As important as analytical and mechanical skill-sets are, they are also most easily outsourced because they are most easily defined, taught, and learned. Conventional education thrives in delivering these types of skills (hence the number of college-educated individuals struggling to get a job).  The result is an increase in competition and delegation to the lowest bidder (and I assume you’d rather not compete for minimum wage).

“What then, is required to survive and thrive in this emerging job market?”  Very good question – so important in fact, that your career or livelihood, may depend on it.

If analytical and mechanical skill-sets are primarily left-brain skills then it makes sense to examine the increasing importance of right-brain skills…

The future belongs to those who learn and master more right-brain abstract skills-sets such as creativity, problem solving, resourcefulness, communication, leadership, and relationship building – this is the repertoire of the new-age “artist.”

Previously I wrote about the new currency of imagination, whereby our future global economy and well-being will rely heavily upon ideas and creativity to solve the many problems we have created while also making life a more pleasing experience.  In order for this to happen, we must flex our right-brain capabilities.

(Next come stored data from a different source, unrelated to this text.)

abbreviation symmetral :: "(real \<times> real) set" where
  "symmetral \<equiv> steiner_symmetral (0, 1) L"

lemma shadow_near_centres:
  assumes "x \<in> fst ` L" and "e \<in> A"
  shows "\<bar>x - fst e\<bar> \<le> 1"
proof -
  obtain y where "(x, y) \<in> cball e 1"
    using assms unfolding L_eq by force
  then show ?thesis
    by (rule abs_le_1_if_mem_cball)
qed

lemma fibre_between_arcs:
  assumes "y \<in> fibre L x" and "e \<in> A"
  shows "snd e - semicircle (fst e) x \<le> y \<and> y \<le> snd e + semicircle (fst e) x"
proof -
  have "(x, y) \<in> cball e 1"
    using assms unfolding fibre_def L_eq by blast
  moreover have "\<bar>x - fst e\<bar> \<le> 1"
    using calculation by (rule abs_le_1_if_mem_cball)
  ultimately show ?thesis
    by (metis mem_cball_iff_semicircle)
qed

lemma half_width_le_half_gap:
  assumes "x \<in> fst ` L" and "c \<in> A" and "d \<in> A"
  shows "half_width L x \<le> half_gap c d x"
proof -
  have ne: "fibre L x \<noteq> {}"
    using assms(1) unfolding fibre_def by force
  have up: "y \<le> snd c + semicircle (fst c) x" and lo: "snd d - semicircle (fst d) x \<le> y"
    if "y \<in> fibre L x" for y
    using fibre_between_arcs[OF that] assms by auto
  have "bdd_above (fibre L x)"
    using up by (rule bdd_aboveI)
  moreover have "bdd_below (fibre L x)"
    using lo by (rule bdd_belowI)
  ultimately have "Inf (fibre L x) \<le> Sup (fibre L x)"
    using ne by (intro cInf_le_cSup)
  moreover have "Sup (fibre L x) \<le> snd c + semicircle (fst c) x"
    using ne up by (rule cSup_least)
  moreover have "snd d - semicircle (fst d) x \<le> Inf (fibre L x)"
    using ne lo by (rule cInf_greatest)
  ultimately show ?thesis
    unfolding half_width_def half_gap_def by simp
qed

lemma symmetral_subset_axis_disc:
  assumes "e \<in> A"
  shows "symmetral \<subseteq> cball (fst e, 0) 1"
proof safe
  fix x y assume "(x, y) \<in> symmetral"
  then have x: "x \<in> fst ` L" and "\<bar>y\<bar> \<le> half_width L x"
    by (auto simp: mem_steiner_symmetral_vertical)
  then have "\<bar>y\<bar> \<le> semicircle (fst e) x"
    using half_width_le_half_gap[OF x assms assms] by (simp add: half_gap_def)
  then show "(x, y) \<in> cball (fst e, 0) 1"
    using mem_cball_iff_semicircle[of x "(fst e, 0)" y] shadow_near_centres[OF x assms]
    by (auto simp: abs_le_iff)
qed

lemma ball_separable_by_axis_disc:
  assumes "e \<in> A" and "1 < (x - fst e)\<^sup>2 + y\<^sup>2"
  shows "ball_separable symmetral (x, y)"
  unfolding ball_separable_def
proof (intro exI conjI)
  show "symmetral \<subseteq> cball (fst e, 0) 1"
    using assms(1) by (rule symmetral_subset_axis_disc)
  show "(x, y) \<notin> cball (fst e, 0) 1"
    unfolding mem_cball_Pair_iff using assms(2) by simp
qed

lemma fibre_eq_extremal_arcs:
  assumes "x \<in> fst ` L"
  obtains c d where "c \<in> A" and "d \<in> A"
    and "fibre L x = {snd d - semicircle (fst d) x .. snd c + semicircle (fst c) x}"
proof -
  define up lo where "up e = snd e + semicircle (fst e) x" and "lo e = snd e - semicircle (fst e) x"
    for e :: "real \<times> real"
  have "continuous_on A up" "continuous_on A lo"
    unfolding up_def[abs_def] lo_def[abs_def] by (intro continuous_intros)+
  then obtain c d where "c \<in> A" "d \<in> A" and extremal: "\<And>e. e \<in> A \<Longrightarrow> up c \<le> up e \<and> lo e \<le> lo d"
    using continuous_attains_inf[OF compact_centres centres_nonempty]
      continuous_attains_sup[OF compact_centres centres_nonempty] by meson
  have "y \<in> fibre L x \<longleftrightarrow> (\<forall>e\<in>A. lo e \<le> y \<and> y \<le> up e)" for y
    using mem_cball_iff_semicircle[OF shadow_near_centres[OF assms]]
    unfolding fibre_def L_eq up_def lo_def by blast
  also have "\<dots> y \<longleftrightarrow> lo d \<le> y \<and> y \<le> up c" for y
    using extremal \<open>c \<in> A\<close> \<open>d \<in> A\<close> by (meson order_trans)
  finally show ?thesis
    using that \<open>c \<in> A\<close> \<open>d \<in> A\<close> unfolding up_def lo_def by (simp add: set_eq_iff)
qed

We are shifting from a linear and highly structured age, to a more abstract era – one which demands the esoteric characteristics of our top-right gray-matter – an era where recognizing, understanding, and shaping concepts, trends, and the interconnectedness of the “big picture” serve a profound function.


The development of such aptitudes relies more on an innovative and unconventional self-directed education, which is counter to the familiar and rigid environments we commonly associate to learning (the conventional classroom, for example); hence the following suggestions.

7 ways tostrengthen your right-brain skills:

1. Recognize “art.”We are surrounded by remnants of imagination and innovation.  It may exist in the form of advertising, architecture, physical/material things, products, services, culture, etc.  Noticing displays of creativity engages our mind and encourages the application of a new creative outlook. Remember, the world is no more interesting or dull than you are.  View yourself as a consultant seeking ways to improve the image, style, brand, and function of what you see and use each day.  What would you change?  Why?  How?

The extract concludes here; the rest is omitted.